King Lear adalah pahlawan yang tragis. Dia berperilaku gegabah dan tidak bertanggung jawab pada awal permainan. Ia buta dan tidak adil sebagai ayah dan penguasa. Dia menginginkan semua perangkap kekuasaan tanpa tanggung jawab, itulah sebabnya Cordelia yang pasif dan pemaaf adalah pilihan yang sempurna untuk seorang penerus.
Penonton mungkin merasa terasing terhadapnya di awal permainan mengingat perlakuan egois dan keras terhadap putri kesayangannya. Audiens Jacobean mungkin merasa terganggu dengan pilihannya mengingat ketidakpastian di sekitarnya Ratu Elizabeth IPenggantinya.
Sebagai penonton, kami segera merasa simpati untuk Lear meskipun sikapnya yang egois. Dia dengan cepat menyesali keputusannya dan dapat dimaafkan karena berperilaku terburu-buru setelah ketukan harga dirinya. Hubungan Lear dengan Kent dan Gloucester menunjukkan bahwa ia mampu menginspirasi kesetiaan dan hubungannya dengan Fool menunjukkan kepadanya untuk berbelas kasih dan toleran.
Sebagai Goneril dan Regan menjadi lebih licik dan menjengkelkan simpati kami untuk Lear tumbuh lebih jauh. Kemarahan Lear segera menjadi menyedihkan karena berlawanan dengan yang kuat dan otoriter, ketidakberdayaannya mempertahankan kami simpati dengan dia dan saat dia menderita dan terkena penderitaan orang lain, penonton bisa merasakan lebih banyak kasih sayang untuk dia.

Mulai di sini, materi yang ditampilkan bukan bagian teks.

lemma sum_tensor_coord:
  assumes "\<forall>j<d. finite (S j)" "\<forall>j<d. stoch (S j) (L j)" "x \<in> prodspace d S" "i < d"
  shows "(\<Sum>y\<in>prodspace d S. tensor d L x y * h (y i)) = (\<Sum>b\<in>S i. L i (x i) b * h b)"
proof -
  define F where "F j b = (if j = i then L i (x i) b * h b else L j (x j) b)" for j b
  have "tensor d L x y * h (y i) = (\<Prod>j<d. F j (y j))" for y
  proof -
    have "(\<Prod>j<d. F j (y j)) = F i (y i) * (\<Prod>j\<in>{..<d}-{i}. L j (x j) (y j))"
      using assms(4) by (subst prod.remove[of _ i]) (auto simp: F_def intro!: prod.cong)
    also have "tensor d L x y = L i (x i) (y i) * (\<Prod>j\<in>{..<d}-{i}. L j (x j) (y j))"
      unfolding tensor_def using assms(4) by (subst prod.remove[of _ i]) auto
    ultimately show ?thesis unfolding F_def by simp
  qed
  then have "(\<Sum>y\<in>prodspace d S. tensor d L x y * h (y i)) = (\<Sum>y\<in>PiE {..<d} S. \<Prod>j<d. F j (y j))"
    unfolding prodspace_def by simp
  also have "\<dots> = (\<Prod>j<d. \<Sum>b\<in>S j. F j b)"
    using assms(1) by (subst prod_sum_PiE) auto
  also have "\<dots> = (\<Sum>b\<in>S i. F i b) * (\<Prod>j\<in>{..<d}-{i}. \<Sum>b\<in>S j. F j b)"
    using assms(4) by (subst prod.remove[of _ i]) auto
  also have "(\<Prod>j\<in>{..<d}-{i}. \<Sum>b\<in>S j. F j b) = 1"
    using assms(2,3) unfolding F_def stoch_def prodspace_def by (auto simp: PiE_iff intro!: prod.neutral)
  finally show ?thesis unfolding F_def by simp
qed

lemma tensor_nonneg:
  assumes "\<forall>i<d. \<forall>a\<in>S i. \<forall>b\<in>S i. 0 \<le> L i a b" "x \<in> prodspace d S" "y \<in> prodspace d S"
  shows "0 \<le> tensor d L x y"
  using assms unfolding tensor_def prodspace_def by (auto simp: PiE_iff intro!: prod_nonneg)

lemma sum_swap_nested:
  "(\<Sum>a\<in>A. \<Sum>b\<in>B. \<Sum>x\<in>C. \<Sum>y\<in>D. f a b x y) = (\<Sum>x\<in>C. \<Sum>y\<in>D. \<Sum>a\<in>A. \<Sum>b\<in>B. f a b x y)"
proof -
  have "(\<Sum>a\<in>A. \<Sum>b\<in>B. \<Sum>x\<in>C. \<Sum>y\<in>D. f a b x y) = (\<Sum>a\<in>A. \<Sum>x\<in>C. \<Sum>b\<in>B. \<Sum>y\<in>D. f a b x y)"
    by (rule sum.cong[OF refl], rule sum.swap)
  also have "\<dots> = (\<Sum>x\<in>C. \<Sum>a\<in>A. \<Sum>b\<in>B. \<Sum>y\<in>D. f a b x y)"
    by (rule sum.swap)
  also have "\<dots> = (\<Sum>x\<in>C. \<Sum>a\<in>A. \<Sum>y\<in>D. \<Sum>b\<in>B. f a b x y)"
    by (rule sum.cong[OF refl], rule sum.cong[OF refl], rule sum.swap)
  also have "\<dots> = (\<Sum>x\<in>C. \<Sum>y\<in>D. \<Sum>a\<in>A. \<Sum>b\<in>B. f a b x y)"
    by (rule sum.cong[OF refl], rule sum.swap)
  finally show ?thesis .
qed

Dia mulai memahami ketidakadilan sejati dan ketika kegilaannya mengambil alih, dia memulai proses belajar. Dia menjadi lebih rendah hati dan, sebagai hasilnya, menyadari status pahlawannya yang tragis.
Namun, telah dikemukakan bahwa Lear tetap terobsesi dengan diri sendiri dan dendam ketika ia merenungkan balas dendamnya pada Regan dan Goneril. Dia tidak pernah bertanggung jawab atas sifat putrinya atau menyesali tindakannya yang cacat.
Penebusan terbesar Lear berasal dari reaksinya terhadap Cordelia pada rekonsiliasi mereka, dia merendahkan dirinya untuknya, berbicara kepadanya sebagai seorang ayah dan bukan sebagai raja.